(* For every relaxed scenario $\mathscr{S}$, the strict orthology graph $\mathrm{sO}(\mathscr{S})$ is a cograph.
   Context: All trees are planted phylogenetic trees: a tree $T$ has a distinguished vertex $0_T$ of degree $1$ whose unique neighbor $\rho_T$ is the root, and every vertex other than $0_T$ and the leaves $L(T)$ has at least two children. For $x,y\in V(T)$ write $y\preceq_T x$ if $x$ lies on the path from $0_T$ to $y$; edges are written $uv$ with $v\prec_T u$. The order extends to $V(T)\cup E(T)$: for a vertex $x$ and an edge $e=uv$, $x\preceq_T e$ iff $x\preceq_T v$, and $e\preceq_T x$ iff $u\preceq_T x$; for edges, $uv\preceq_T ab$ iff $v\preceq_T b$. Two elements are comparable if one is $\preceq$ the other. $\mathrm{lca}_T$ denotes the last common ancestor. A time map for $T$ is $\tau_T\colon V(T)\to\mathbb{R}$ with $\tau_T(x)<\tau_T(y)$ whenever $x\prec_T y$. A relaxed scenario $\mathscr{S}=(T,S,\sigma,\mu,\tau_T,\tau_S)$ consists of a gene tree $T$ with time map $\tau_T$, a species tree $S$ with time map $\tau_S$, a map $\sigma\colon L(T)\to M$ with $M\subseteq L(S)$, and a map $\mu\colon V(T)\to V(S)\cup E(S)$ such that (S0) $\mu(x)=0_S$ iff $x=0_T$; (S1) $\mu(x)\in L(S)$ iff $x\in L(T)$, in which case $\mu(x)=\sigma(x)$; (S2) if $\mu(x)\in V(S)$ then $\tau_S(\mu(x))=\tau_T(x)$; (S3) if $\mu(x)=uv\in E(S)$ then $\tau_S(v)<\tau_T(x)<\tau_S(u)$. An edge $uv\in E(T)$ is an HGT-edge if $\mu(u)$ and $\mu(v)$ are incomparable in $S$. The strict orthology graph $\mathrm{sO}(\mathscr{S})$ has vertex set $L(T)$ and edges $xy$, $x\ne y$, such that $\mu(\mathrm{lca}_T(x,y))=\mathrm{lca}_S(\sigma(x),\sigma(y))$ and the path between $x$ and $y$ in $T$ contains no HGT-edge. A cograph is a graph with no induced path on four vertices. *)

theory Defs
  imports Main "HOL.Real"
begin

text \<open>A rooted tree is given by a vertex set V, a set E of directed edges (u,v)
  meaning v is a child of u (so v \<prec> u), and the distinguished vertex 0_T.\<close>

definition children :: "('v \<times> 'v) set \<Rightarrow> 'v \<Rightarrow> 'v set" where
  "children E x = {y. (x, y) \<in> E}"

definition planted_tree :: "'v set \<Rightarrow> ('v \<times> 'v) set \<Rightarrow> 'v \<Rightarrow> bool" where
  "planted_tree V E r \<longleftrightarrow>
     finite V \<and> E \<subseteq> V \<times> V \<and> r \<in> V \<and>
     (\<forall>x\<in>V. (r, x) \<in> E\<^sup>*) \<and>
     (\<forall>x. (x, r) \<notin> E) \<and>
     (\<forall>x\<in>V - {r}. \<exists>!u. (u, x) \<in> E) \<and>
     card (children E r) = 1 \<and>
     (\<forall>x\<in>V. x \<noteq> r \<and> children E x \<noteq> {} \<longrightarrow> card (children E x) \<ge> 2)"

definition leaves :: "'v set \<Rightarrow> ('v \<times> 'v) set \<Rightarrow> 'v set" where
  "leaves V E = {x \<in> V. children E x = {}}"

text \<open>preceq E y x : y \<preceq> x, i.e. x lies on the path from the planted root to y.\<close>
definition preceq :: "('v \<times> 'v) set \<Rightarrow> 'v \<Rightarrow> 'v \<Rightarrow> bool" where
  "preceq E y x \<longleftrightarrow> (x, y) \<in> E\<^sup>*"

• Directions for this task
After locating the line above that contains "card (children E r) = 1 \<and>", write out that line and every later one exactly, through the last line of the material, and nothing else.

• Your solution
     card (children E r) = 1 \<and>
     (\<forall>x\<in>V. x \<noteq> r \<and> children E x \<noteq> {} \<longrightarrow> card (children E x) \<ge> 2)"

definition leaves :: "'v set \<Rightarrow> ('v \<times> 'v) set \<Rightarrow> 'v set" where
  "leaves V E = {x \<in> V. children E x = {}}"

text \<open>preceq E y x : y \<preceq> x, i.e. x lies on the path from the planted root to y.\<close>
definition preceq :: "('v \<times> 'v) set \<Rightarrow> 'v \<Rightarrow> 'v \<Rightarrow> bool" where
  "preceq E y x \<longleftrightarrow> (x, y) \<in> E\<^sup>*"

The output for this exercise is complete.